For image generation from Open WebUI, my stack uses a local OpenAI-compatible endpoint. For example:
ollama pull x/flux2-klein:4b
ollama pull x/z-image-turbo
Then I start the interfaces:
docker compose up -d open-webui openhands comfyui
Local URLs:
- Open WebUI:
http://localhost:3000
- OpenHands:
http://localhost:3001
- ComfyUI:
http://localhost:8188
- Ollama API:
http://localhost:11434
To bring in tasks and branches from remote repositories:
git clone git@github.com:org/repo.git
git clone git@gitlab.com:org/repo.git
You can also use gh or glab to fetch issues, check out PRs/MRs or inspect review comments from the terminal.
Minimal OpenHands Configuration
[core]
[llm]
model = "openai/gemma4:e4b"
base_url = "http://host.docker.internal:11434/v1"
ollama_base_url = "http://host.docker.internal:11434"
api_key = "local-llm"
To switch models, I keep explicit model values for the task:
# Fast inspection
model = "openai/gemma4:e2b"
# General balance
model = "openai/gemma4:e4b"
# More complex changes
model = "openai/gemma4:26b-a4b"
# Deeper review
model = "openai/gemma4:31b"
In Docker Compose, the important part is mounting the workspace and pointing OpenHands to the local endpoint:
openhands:
image: docker.openhands.dev/openhands/openhands:1.6
ports:
- "127.0.0.1:3001:3000"
environment:
RUNTIME: "docker"
LLM_MODEL: "openai/gemma4:e4b"
LLM_BASE_URL: "http://host.docker.internal:11434/v1"
LLM_OLLAMA_BASE_URL: "http://host.docker.internal:11434"
LLM_API_KEY: "local-llm"
volumes:
- /var/run/docker.sock:/var/run/docker.sock
- ./workspace:/workspace:rw
- /Users/me/projects:/workspace/host-projects:rw
Image Generation in Open WebUI
In Open WebUI, I enable image generation against my local endpoint:
ENABLE_IMAGE_GENERATION=true
IMAGE_GENERATION_ENGINE=openai
IMAGES_OPENAI_API_BASE_URL=http://host.docker.internal:11434/v1
IMAGES_OPENAI_API_KEY=ollama
IMAGE_GENERATION_MODEL=x/flux2-klein:4b
Final Mental Model
The most important part of the diagram is the last one: developer judgment.

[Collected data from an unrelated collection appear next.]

(* Let $Y$ be a $2$-dimensional $3$-partite weighted simplicial complex with parts $Y(0)=Y[1]\sqcup Y[2]\sqcup Y[3]$. Suppose that for every $v\in Y[1]$, the link $Y_v$ (a bipartite graph between $Y_v[2]$ and $Y_v[3]$) is an $\eta$-bipartite expander. For $i\neq j$, let $A^{i,j}$ be the bipartite operator of the bipartite graph between $Y[i]$ and $Y[j]$. Then $$\lambda(A^{2,3})\le\eta+\lambda(A^{1,2})\,\lambda(A^{1,3}).$$
   Context: **Weighted complex.** $Y$ is weighted by a probability distribution on its triangles $Y(2)$, every triangle having one vertex in each part. This distribution induces measures on edges and vertices by taking a uniformly random sub-face. Link measures are conditional measures. **Bipartite graphs.** The bipartite graph between $Y[i]$ and $Y[j]$ has edges the edges of $Y$ with one endpoint in each of these parts, weighted by the induced measure. **Bipartite expansion.** For a bipartite graph with edge distribution and bipartite operator $Bf(v)=\mathbb E_{w\sim v}f(w)$, let $\lambda(B)=\sup\{\langle Bf,g\rangle:\|f\|=\|g\|=1,\ f\perp\text{constants}\}$. The graph is an $\eta$-bipartite expander if $\lambda(B)\le\eta$. *)

theory Defs
  imports Main "HOL-Library.Extended_Real" Complex_Main
begin

text \<open>A weighted bipartite graph between (finite) vertex types 'u and 'v is given by
  its edge distribution mu on pairs (u,v). Vertex measures are the marginals.\<close>

definition left_marg :: "('u::finite \<times> 'v::finite \<Rightarrow> real) \<Rightarrow> 'u \<Rightarrow> real" where
  "left_marg mu u = (\<Sum>v\<in>UNIV. mu (u, v))"

definition right_marg :: "('u::finite \<times> 'v::finite \<Rightarrow> real) \<Rightarrow> 'v \<Rightarrow> real" where
  "right_marg mu v = (\<Sum>u\<in>UNIV. mu (u, v))"

text \<open>Bipartite operator: Bf(u) = E_{v ~ u} f(v), i.e. the conditional expectation
  along the edge distribution given the endpoint u (0 on vertices of measure 0).\<close>

definition bip_op :: "('u::finite \<times> 'v::finite \<Rightarrow> real) \<Rightarrow> ('v \<Rightarrow> real) \<Rightarrow> 'u \<Rightarrow> real" where
  "bip_op mu f u = (\<Sum>v\<in>UNIV. mu (u, v) * f v) / left_marg mu u"

definition inner_L :: "('u::finite \<times> 'v::finite \<Rightarrow> real) \<Rightarrow> ('u \<Rightarrow> real) \<Rightarrow> ('u \<Rightarrow> real) \<Rightarrow> real" where
  "inner_L mu f g = (\<Sum>u\<in>UNIV. left_marg mu u * f u * g u)"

The model accelerates. The agent executes. But the engineering judgment is still mine.
Closing
Gemma 4 is exciting because it lowers the barrier for building more useful local assistants. Not just chatbots. Not just demos. Real workflows where an open model can help understand text and images, generate supporting assets, modify code and validate software inside a machine I control.
My conclusion after building this setup is simple: the leap is not only in the model. It is in connecting the model to a well-designed workflow.
Gemma 4 + Open WebUI + OpenHands + GitHub/GitLab is one concrete way to do that.